The task – Copy out, from the entries below, each line holding the string "coefficients".

START The records

text \<open>The \<open>\<lambda>\<close>-orbits of size one are exactly the points of the subgroup \<open>Fix\<close> of
  \<open>\<lambda>\<close>-fixed elements. If \<open>\<Lambda>(A)\<close> has a single vertex, \<open>A - Fix\<close> is one orbit; its size
  \<open>|Fix| (m - 1)\<close>, with \<open>m\<close> the index of \<open>Fix\<close>, divides \<open>|A| = |Fix| m\<close>, so \<open>m = 2\<close> and
  \<open>A = Fix \<union> (Fix + t)\<close>. Writing \<open>\<lambda>\<^sub>a(t) = \<delta>(a) + t\<close>, \<open>\<delta>\<close> is a homomorphism from
  \<open>(A, \<circ>)\<close> onto \<open>Fix\<close>; applying \<open>\<lambda>\<close> to the fixed point \<open>t + t\<close> shows that conjugation by
  \<open>t\<close> inverts \<open>Fix\<close>, so \<open>Fix\<close> is abelian, and in the coordinates \<open>f + k t\<close> both operations
  take the stated form with \<open>F = Fix\<close>, \<open>y = t + t\<close>, \<open>\<phi> = \<delta>\<close> on \<open>Fix\<close> and \<open>z = \<delta>(t)\<close>.
  Conversely, in the model \<open>\<lambda>\<close> fixes every \<open>(f, 0)\<close> and, \<open>\<psi>\<close> being onto, moves \<open>(f, 1)\<close>
  through all of \<open>F \<times> {1}\<close>; as \<open>\<Lambda>\<close> is an isomorphism invariant, \<open>\<Lambda>(A)\<close> has one vertex.\<close>

section \<open>Isomorphism invariance of \<open>\<Lambda>\<close>\<close>

lemma op_grp_carrier [simp]: "carrier (op_grp A opr) = A"
  and op_grp_mult [simp]: "monoid.mult (op_grp A opr) = opr"
  by (simp_all add: op_grp_def)
(* Let $(\sigma,\rho)$ and $(\nu,\varrho)$ be two $G$-compatible pairs. The lattices $L_{(\sigma,\rho)}=\sigma^{-1}\mathbb Z^n\rtimes_\eta\rho\mathbb Z^m$ and $L_{(\nu,\varrho)}=\nu^{-1}\mathbb Z^n\rtimes_\eta\varrho\mathbb Z^m$ are commensurable if and only if $\nu\sigma^{-1}\in GL_n(\mathbb Q)$ and $\varrho^{-1}\rho\in GL_m(\mathbb Q)$.
   Context: Fix integers $1\le m\le n$. Let $\Delta_1,\dots,\Delta_m\in\mathbb R^{n\times n}$ be linearly independent, nonsingular, traceless diagonal matrices $\Delta_i=\mathrm{diag}(d_1^{(i)},\dots,d_n^{(i)})$ such that for each $i$, $d_k^{(i)}\neq d_j^{(i)}$ whenever $k\neq j$. For $t=(t_1,\dots,t_m)^T\in\mathbb R^m$ write $t\cdot\Delta=\sum_{i=1}^m t_i\Delta_i$ and $\eta(t)=e^{t\cdot\Delta}$. Let $G=\mathbb R^n\rtimes_\eta\mathbb R^m$ be the Lie group with underlying set $\mathbb R^n\times\mathbb R^m$ and multiplication $(x,t)(y,s)=(x+e^{t\cdot\Delta}y,\ t+s)$. A pair $(\sigma,\rho)\in GL_n(\mathbb R)\times GL_m(\mathbb R)$ is called $G$-compatible if $\sigma\exp(\rho^{(j)}\cdot\Delta)\sigma^{-1}\in SL_n(\mathbb Z)$ for all $j=1,\dots,m$, where $\rho^{(j)}$ is the $j$-th column of $\rho$. For such a pair, $\sigma^{-1}\mathbb Z^n\rtimes_\eta\rho\mathbb Z^m$ denotes the subgroup $\{(\sigma^{-1}v,\rho p): v\in\mathbb Z^n, p\in\mathbb Z^m\}$ of $G$, which is a lattice. Two lattices $\Gamma,\Gamma'$ in $G$ are commensurable if $[\Gamma:\Gamma\cap\Gamma']<\infty$ and $[\Gamma':\Gamma\cap\Gamma']<\infty$. *)

theory Defs
  imports "HOL-Analysis.Analysis"
begin

definition is_diag_mat :: "real^'n^'n \<Rightarrow> bool" where
  "is_diag_mat A \<longleftrightarrow> (\<forall>j k. j \<noteq> k \<longrightarrow> A $ j $ k = 0)"

text \<open>eta(t) = exp(t . Delta) for diagonal Delta_i; the exponential of the diagonal
  matrix t . Delta is the diagonal matrix of the exponentials of its diagonal entries.\<close>
definition eta :: "('m::finite \<Rightarrow> real^'n^'n) \<Rightarrow> real^'m \<Rightarrow> real^'n^'n" where
  "eta \<Delta> t = (\<chi> j k. if j = k then exp (\<Sum>i\<in>UNIV. t $ i * \<Delta> i $ j $ j) else 0)"
lemma exp_minus_le_quadratic:
  fixes u :: real
  assumes "u \<ge> 0"
  shows "exp (- u) \<le> 1 - u + u\<^sup>2 / 2"
proof -
  define g where "g x = 1 - x + x\<^sup>2 / 2 - exp (- x)" for x :: real
  have "g 0 \<le> g u"
  proof (rule DERIV_nonneg_imp_nondecreasing[OF assms])
    fix x :: real
    have "(g has_real_derivative (- 1 + x + exp (- x))) (at x)"
      unfolding g_def by (auto intro!: derivative_eq_intros simp: power2_eq_square)
    moreover have "- 1 + x + exp (- x) \<ge> 0"
      using exp_ge_add_one_self[of "- x"] by simp
    ultimately show "\<exists>y. (g has_real_derivative y) (at x) \<and> 0 \<le> y"
      by blast
  qed
  then show ?thesis
    by (simp add: g_def)
qed

lemma prod_list_map_divide:
  fixes f g :: "'a \<Rightarrow> 'b::field"
  shows "prod_list (map (\<lambda>x. f x / g x) xs) = prod_list (map f xs) / prod_list (map g xs)"
  by (induction xs) simp_all

lemma prod_list_map_powr:
  fixes f :: "'a \<Rightarrow> real"
  shows "(\<And>x. x \<in> set xs \<Longrightarrow> f x \<ge> 0)
           \<Longrightarrow> prod_list (map (\<lambda>x. f x powr t) xs) = prod_list (map f xs) powr t"
proof (induction xs)
  case (Cons a xs)
  have "0 \<le> f a" "0 \<le> prod_list (map f xs)"
    using Cons.prems by (auto intro!: prod_list_nonneg simp del: prod_list.Cons)
  then show ?case
    using Cons by (simp add: powr_mult)
qed simp
(* Let $\mathcal X$ be a GKM variety with a combinatorial moment graph as described in the context. Suppose that for each $T$-fixed point $v\in\mathcal X^T$ there exists at least one Knutson–Tao class $p^v\in H^*_T(\mathcal X)$. Then the classes $\{p^v: v\in\mathcal X^T\}$ form a basis of $H^*_T(\mathcal X)$ as a module over $\mathbb{C}[t_1,\ldots,t_n]$.
   Context: Let $T=(\mathbb{C}^* )^n$ and let $\mathcal X$ be a complex projective algebraic variety with an algebraic $T$-action having finitely many fixed points and finitely many one-dimensional orbits, and which is equivariantly formal (a GKM variety). The closure of each one-dimensional orbit $O$ contains exactly two fixed points $N_O,S_O$, and $T$ acts on the tangent line at $N_O$ by a weight $\alpha$ (a linear form in $t_1,\ldots,t_n$) and at $S_O$ by $-\alpha$. The moment graph has vertex set $\mathcal X^T$ and an edge between two fixed points for each one-dimensional orbit whose closure contains both. It is directed with no directed circuits, and each directed edge $v\to w$ is labeled $\alpha_{vw}$, the weight at $v$ of the corresponding orbit. Assume that for each $v$ the labels on the edges directed out of $v$ are pairwise linearly independent. By the GKM theorem, $H^*_T(\mathcal X)$ is the ring of tuples $(p_w)_{w\in\mathcal X^T}$, $p_w\in\mathbb{C}[t_1,\ldots,t_n]$, with $p_{N_O}-p_{S_O}\in\langle t_O\rangle$ for every one-dimensional orbit $O$ of weight $t_O$. Write $u\succeq_D u'$ if there is a directed path (possibly of length $0$) from $u$ to $u'$. A Knutson–Tao class for $v\in\mathcal X^T$ is a class $(p^v_w)_w\in H^*_T(\mathcal X)$ such that: (1) $p^v_v=\prod_{v\to w}\alpha_{vw}$, the product over all edges directed out of $v$; (2) each nonzero $p^v_w$ is homogeneous of degree $\deg p^v_v$; (3) $p^v_w=0$ whenever $w\not\succ_D v$, i.e. whenever $w\neq v$ and there is no directed path from $w$ to $v$. *)

theory Defs
  imports Complex_Main "HOL-Library.Poly_Mapping"
begin

(* Polynomials in the variables t_i, i ranging over the finite type 'n
  (so n = CARD('n)), with complex coefficients: finitely supported maps from
  monomials (exponent vectors 'n =>0 nat) to coefficients. *)
type_synonym 'n cpoly = "('n \<Rightarrow>\<^sub>0 nat) \<Rightarrow>\<^sub>0 complex"

definition mdeg :: "('n::finite \<Rightarrow>\<^sub>0 nat) \<Rightarrow> nat" where
  "mdeg m = (\<Sum>i\<in>UNIV. Poly_Mapping.lookup m i)"

definition homogeneous :: "nat \<Rightarrow> 'n::finite cpoly \<Rightarrow> bool" where
  "homogeneous d p \<longleftrightarrow> (\<forall>m\<in>Poly_Mapping.keys p. mdeg m = d)"

definition linear_form :: "'n::finite cpoly \<Rightarrow> bool" where
  "linear_form a \<longleftrightarrow> a \<noteq> 0 \<and> homogeneous 1 a"

definition scal :: "complex \<Rightarrow> 'n cpoly \<Rightarrow> 'n cpoly" where
  "scal c p = Poly_Mapping.map (\<lambda>x. c * x) p"

definition lin_indep2 :: "'n cpoly \<Rightarrow> 'n cpoly \<Rightarrow> bool" where
  "lin_indep2 a b \<longleftrightarrow> (\<forall>c d. scal c a + scal d b = 0 \<longrightarrow> c = 0 \<and> d = 0)"

(* Combinatorial moment graph: vertices = all elements of the finite type 'v
  (the fixed points), edges = elements of the finite type 'e (one-dimensional
  orbits), each directed src e -> tgt e and labelled alpha e (the weight at
  src e; the weight at tgt e is - alpha e). *)
definition dir_rel :: "('e \<Rightarrow> 'v) \<Rightarrow> ('e \<Rightarrow> 'v) \<Rightarrow> ('v \<times> 'v) set" where
  "dir_rel src tgt = {(src e, tgt e) | e. True}"

definition moment_graph ::
  "('e::finite \<Rightarrow> 'v::finite) \<Rightarrow> ('e \<Rightarrow> 'v) \<Rightarrow> ('e \<Rightarrow> 'n::finite cpoly) \<Rightarrow> bool" where
  "moment_graph src tgt alpha \<longleftrightarrow>
     (\<forall>e. src e \<noteq> tgt e) \<and>
     (\<forall>e. linear_form (alpha e)) \<and>
     acyclic (dir_rel src tgt) \<and>
     (\<forall>e1 e2. e1 \<noteq> e2 \<and> src e1 = src e2 \<longrightarrow> lin_indep2 (alpha e1) (alpha e2))"

(* The GKM description of H_T^*(X). *)
definition GKM_ring ::
  "('e::finite \<Rightarrow> 'v::finite) \<Rightarrow> ('e \<Rightarrow> 'v) \<Rightarrow> ('e \<Rightarrow> 'n::finite cpoly) \<Rightarrow> ('v \<Rightarrow> 'n cpoly) set" where
  "GKM_ring src tgt alpha = {p. \<forall>e. alpha e dvd (p (src e) - p (tgt e))}"

definition KT_class ::
  "('e::finite \<Rightarrow> 'v::finite) \<Rightarrow> ('e \<Rightarrow> 'v) \<Rightarrow> ('e \<Rightarrow> 'n::finite cpoly) \<Rightarrow> 'v \<Rightarrow> ('v \<Rightarrow> 'n cpoly) \<Rightarrow> bool" where
  "KT_class src tgt alpha v p \<longleftrightarrow>
     p \<in> GKM_ring src tgt alpha \<and>
     p v = (\<Prod>e\<in>{e. src e = v}. alpha e) \<and>
     (\<exists>d. homogeneous d (p v) \<and> (\<forall>w. p w \<noteq> 0 \<longrightarrow> homogeneous d (p w))) \<and>
     (\<forall>w. w \<noteq> v \<and> (w, v) \<notin> (dir_rel src tgt)\<^sup>* \<longrightarrow> p w = 0)"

END The records

Written response –
  (so n = CARD('n)), with complex coefficients: finitely supported maps from
  monomials (exponent vectors 'n =>0 nat) to coefficients. *)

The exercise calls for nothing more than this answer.